« Les prochains ransomwares s’attaqueront aux objets connectés »
Sécurité : La médiatisation de l’opération WannaCry a mis les ransomwares sur le devant de la scène. Le phénomène n’est toutefois pas nouveau et ne cesse de se réinventer laissant augurer une explosion de la menace. Décryptage par Renaud Bidou, directeur technique Europe du Sud de Trend Micro.
La couverture médiatique autour de WannaCry a eu, au moins, le mérite de faire connaître le concept de ransomware au plus grand nombre. Le phénomène n’est toutefois pas nouveau comme le montre Trend Micro dans une étude récente. Directeur technique pour l’Europe du Sud, Renaud Bidou, rappelle les origines du ransomware et se projette sur les formes qu’il pourrait prendre à l’avenir.
A quand remontent les premiers ransomwares ?
Renaud Bidou : Les premiers cas remontent aux années 90. A l’époque, l’effet était limité, le spam n’était pas aussi efficace qu’aujourd’hui. La première attaque d’envergure prend corps en 2005-2006 en Russie pour gagner ensuite d’autres pays européens. Fin 2013, les « crypto-ransomwares » font leur apparition avec CryptoLocker en tête de file. Pour récupérer leurs fichiers cryptés, les victimes sont invitées à régler une rançon en Bitcoins. 2015 constitue un autre tournant. Les pirates commencent à cibler les entreprises. Le phénomène change alors d’échelle. Des hôpitaux paient des sommes s’élevant à des dizaines de milliers euros contre quelque 300 dollars pour un particulier. Cette manne financière entretient l’intérêt des attaquants qui rivalisent d’ingéniosité. Avec l’arrivée des Exploit Kit, l’infection ne se fait plus en cliquant sur un lien dans un mail mais en visitant simplement un site piraté ou contenant une publicité malicieuse. Il peut s’agir de sites pour adultes ou de sites d’information détournés, n’éveillant pas la vigilance de l’internaute. Sur la page infectée, un bout de javascript va analyser la configuration du navigateur web utilisé et exploiter une vulnérabilité comme un plugin flash non mis à jour. WannaCry n’a rien révolutionné. Son « succès », il le doit par l’utilisation de failles sous Windows qui lui a permis de se propager très rapidement. Beaucoup moins médiatisé, le ransomware Jaff, de format plus classique, a fait sur la même période beaucoup plus de mal.
Quelles formes prendront les prochains ransomwares ?

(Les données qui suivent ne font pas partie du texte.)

(* Let $\mathcal{G}=(\mathcal{V},\mathcal{E})$ be an undirected graph with $|\mathcal{N}_i|\ge (d+1)F+1$ for every $i\in\mathcal{V}$, and suppose the misbehaving agents follow the $F$-local attack model. If $\mathcal{G}$ is $((d+1)F+1)$-robust, then when the benign agents run the resilient multi-dimensional consensus algorithm described in the context, all benign agents achieve consensus exponentially regardless of the actions of the misbehaving agents: there is $\bar{x}\in\mathbb{R}^d$ with $x^i(k)\to\bar{x}$ exponentially fast as $k\to\infty$ for all $i\in\mathcal{B}$.
   Context: $\mathcal{G}=(\mathcal{V},\mathcal{E})$ is undirected, $\mathcal{N}_i=\{j\in\mathcal{V}: e_{ij}\in\mathcal{E}\}$. $\mathcal{G}$ is $r$-robust if for every pair of disjoint nonempty subsets $\mathcal{V}_1,\mathcal{V}_2\subsetneq\mathcal{V}$, some agent in $\mathcal{V}_1$ has at least $r$ neighbors outside $\mathcal{V}_1$, or some agent in $\mathcal{V}_2$ has at least $r$ neighbors outside $\mathcal{V}_2$. $\mathcal{V}=\mathcal{B}\cup\mathcal{F}$ disjointly; $\mathcal{F}$ are misbehaving agents, which may send arbitrary (possibly different to different neighbors, possibly colluding) values at each time; $\mathcal{B}$ are benign agents following the algorithm. $F$-local attack model: $|\mathcal{F}\cap\mathcal{N}_i|\le F$ for all $i\in\mathcal{V}$. For a finite multiset $\mathcal{A}\subset\mathbb{R}^d$ of cardinality $m$ (counted with multiplicity) and integer $0\le n\le m$, let $\mathcal{S}(\mathcal{A},n)$ be the collection of all sub-multisets of $\mathcal{A}$ of cardinality $m-n$, and $\varPsi(\mathcal{A},n)=\bigcap_{S\in\mathcal{S}(\mathcal{A},n)}\mathrm{Conv}(S)$. Algorithm: each benign agent $i$ has state $x^i(k)\in\mathbb{R}^d$, $x^i(0)$ arbitrary. At each time $k$: (1) $i$ collects in the multiset $\mathcal{X}^i(k)$ the values received from all $j\in\mathcal{N}_i$; (2) with $p=(k \bmod d)+1$, it sorts the points of $\mathcal{X}^i(k)$ in ascending order of their $p$-th entries; (3) $\mathcal{Y}^i(k)$ is the multiset of the first $(d+1)F+1$ sorted points, and $y^i(k)$ is any point of $\varPsi(\mathcal{Y}^i(k),F)$; (4) $\mathcal{Z}^i(k)$ is the multiset of the last $(d+1)F+1$ sorted points, and $z^i(k)$ is any point of $\varPsi(\mathcal{Z}^i(k),F)$; (5) $x^i(k+1)=\frac{1}{3}\big(x^i(k)+y^i(k)+z^i(k)\big)$, which is sent to all neighbors. *)

theory Defs
  imports "HOL-Analysis.Analysis" "HOL-Library.Multiset"
begin

definition undirected_graph :: "'v set \<Rightarrow> ('v \<Rightarrow> 'v \<Rightarrow> bool) \<Rightarrow> bool" where
  "undirected_graph V E \<longleftrightarrow> finite V \<and> (\<forall>i j. E i j \<longrightarrow> i \<in> V \<and> j \<in> V)
     \<and> (\<forall>i j. E i j \<longrightarrow> E j i) \<and> (\<forall>i. \<not> E i i)"

definition nbrs :: "'v set \<Rightarrow> ('v \<Rightarrow> 'v \<Rightarrow> bool) \<Rightarrow> 'v \<Rightarrow> 'v set" where
  "nbrs V E i = {j \<in> V. E i j}"

definition r_robust :: "'v set \<Rightarrow> ('v \<Rightarrow> 'v \<Rightarrow> bool) \<Rightarrow> nat \<Rightarrow> bool" where
  "r_robust V E r \<longleftrightarrow>
     (\<forall>V1 V2. V1 \<subset> V \<and> V2 \<subset> V \<and> V1 \<noteq> {} \<and> V2 \<noteq> {} \<and> V1 \<inter> V2 = {} \<longrightarrow>
        (\<exists>i\<in>V1. card (nbrs V E i - V1) \<ge> r) \<or> (\<exists>i\<in>V2. card (nbrs V E i - V2) \<ge> r))"

definition f_local :: "'v set \<Rightarrow> ('v \<Rightarrow> 'v \<Rightarrow> bool) \<Rightarrow> 'v set \<Rightarrow> nat \<Rightarrow> bool" where
  "f_local V E Fa f \<longleftrightarrow> (\<forall>i\<in>V. card (Fa \<inter> nbrs V E i) \<le> f)"

definition Psi :: "'a::real_vector multiset \<Rightarrow> nat \<Rightarrow> 'a set" where
  "Psi A n = \<Inter> {convex hull (set_mset S) | S. S \<subseteq># A \<and> size S = size A - n}"

definition coord_at :: "nat \<Rightarrow> 'd::enum" where
  "coord_at k = (Enum.enum :: 'd list) ! (k mod CARD('d))"

text \<open>One step of the algorithm at benign agent i at time k.
  rcv j is the value i received from neighbour j at time k.\<close>
definition alg_update ::
  "nat \<Rightarrow> nat \<Rightarrow> 'v set \<Rightarrow> ('v \<Rightarrow> real^'d::enum) \<Rightarrow> real^'d::enum \<Rightarrow> real^'d::enum \<Rightarrow> bool" where
  "alg_update f k N rcv xold xnew \<longleftrightarrow>
     (let m = (CARD('d::enum) + 1) * f + 1 in
      \<exists>L y z. mset L = image_mset rcv (mset_set N)
        \<and> sorted_wrt (\<lambda>a b. a $ coord_at k \<le> b $ coord_at k) L
        \<and> y \<in> Psi (mset (take m L)) f
        \<and> z \<in> Psi (mset (drop (length L - m) L)) f
        \<and> xnew = (1/3) *\<^sub>R (xold + y + z))"

text \<open>An execution: x k i is the state of benign agent i at time k; msg k i j is the value
  received by i from neighbour j at time k (the true state if j is benign, arbitrary otherwise).\<close>
definition resilient_run ::
  "'v set \<Rightarrow> ('v \<Rightarrow> 'v \<Rightarrow> bool) \<Rightarrow> 'v set \<Rightarrow> nat \<Rightarrow>
   (nat \<Rightarrow> 'v \<Rightarrow> real^'d::enum) \<Rightarrow> (nat \<Rightarrow> 'v \<Rightarrow> 'v \<Rightarrow> real^'d::enum) \<Rightarrow> bool" where
  "resilient_run V E Fa f x msg \<longleftrightarrow>
     (\<forall>k. \<forall>i\<in>V - Fa. \<forall>j\<in>nbrs V E i - Fa. msg k i j = x k j)
     \<and> (\<forall>k. \<forall>i\<in>V - Fa. alg_update f k (nbrs V E i) (msg k i) (x k i) (x (Suc k) i))"

end

theory Submission
  imports Defs
begin

(* Fix a coordinate q and let M k and m k be the largest and smallest q-th entries of the
  benign states. A point of Psi A F lies in the convex hull of every |A| - F points of A, so
  y and z lie in the convex hull of the benign neighbours' states: M never increases and
  m never decreases. At a step that sorts by q, a benign agent with (d+1)F+1 neighbours whose
  q-th entries are at most c has at least dF+1 such benign neighbours, so y is at most c in
  coordinate q. Hence the benign agents lying within a margin below M, and those within a
  margin above m, form two disjoint sets, and robustness makes one of them lose an agent at
  every step sorting by q. After d(n+1) steps one set is empty and M - m has contracted by a
  fixed factor; this periodic contraction gives geometric convergence to the point common to
  all the nested intervals [m k, M k]. *)

lemma convex_component_le: "convex {v :: real^'n. v $ q \<le> c}"
  using convex_halfspace_le[of "axis q 1" c] by (simp add: cart_eq_inner_axis inner_commute)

RB : Le nombre de familles de ransomwares ne cesse de croître. Elles sont passées de 29 en 2015 à 247 un an plus tard. Soit une augmentation de 752 % ! Certains ransomwares sont des variantes de malwares existants, d’autres sortent « en version bêta ». A l’avenir, on peut redouter que des systèmes s’autopropageant de façon autonome, en mode déconnecté. Le pire adviendrait si une menace venait à exploiter une faille « zero day ». Après les entreprises, les hôpitaux, des villes pourraient être visées comme ce fut le cas pour les transports en commun de San Francisco fin novembre 2016. Par ailleurs, les vecteurs de transmission vont se diversifier. Très faciles à hacker, les objets connectés seront inévitablement pris pour cibles. Cela peut aller de la montre à la voiture connectée. Plus grave, des installations critiques comme les automates dans les hôpitaux ou des systèmes de contrôles dans l’industrie sont aussi sous la menace. Comme il est impossible de mettre un anti-ransomware à jour dans chaque objet connecté, les fabricants doivent prendre en compte la protection des données sensibles dès la conception de leurs produits (security by design). Ce que prévoit le futur règlement européen (GRPD).
Quelles sont les mesures de prévention à rappeler ?
RB : Un particulier doit posséder un antivirus à jour et éviter les comportements à risque. En entreprise, les recommandations sont classiques : sauvegardes régulières, installation des correctifs, sensibilisation des salariés… Si une machine est infectée, il faut l’isoler, ne pas la redémarrer, ne pas payer la rançon et, bien sûr, appeler son fournisseur ou son prestataire sécurité. Les moyens de protection reposent sur le filtrage de mails et d’URLs. Si le ransomware passe ce filtre, l’analyse comportementale permet de bloquer un fichier qui se chiffre rapidement puis de la placer dans un environnement sécurisé afin de l’étudier (sandboxing). Cette technique permet de détecter un ransomware dont la signature est inconnue mais présentant une similitude dans son comportement avec un malware existant. Les parades évoluent en même temps que les menaces. C’est le combat habituel du bouclier et de l’épée.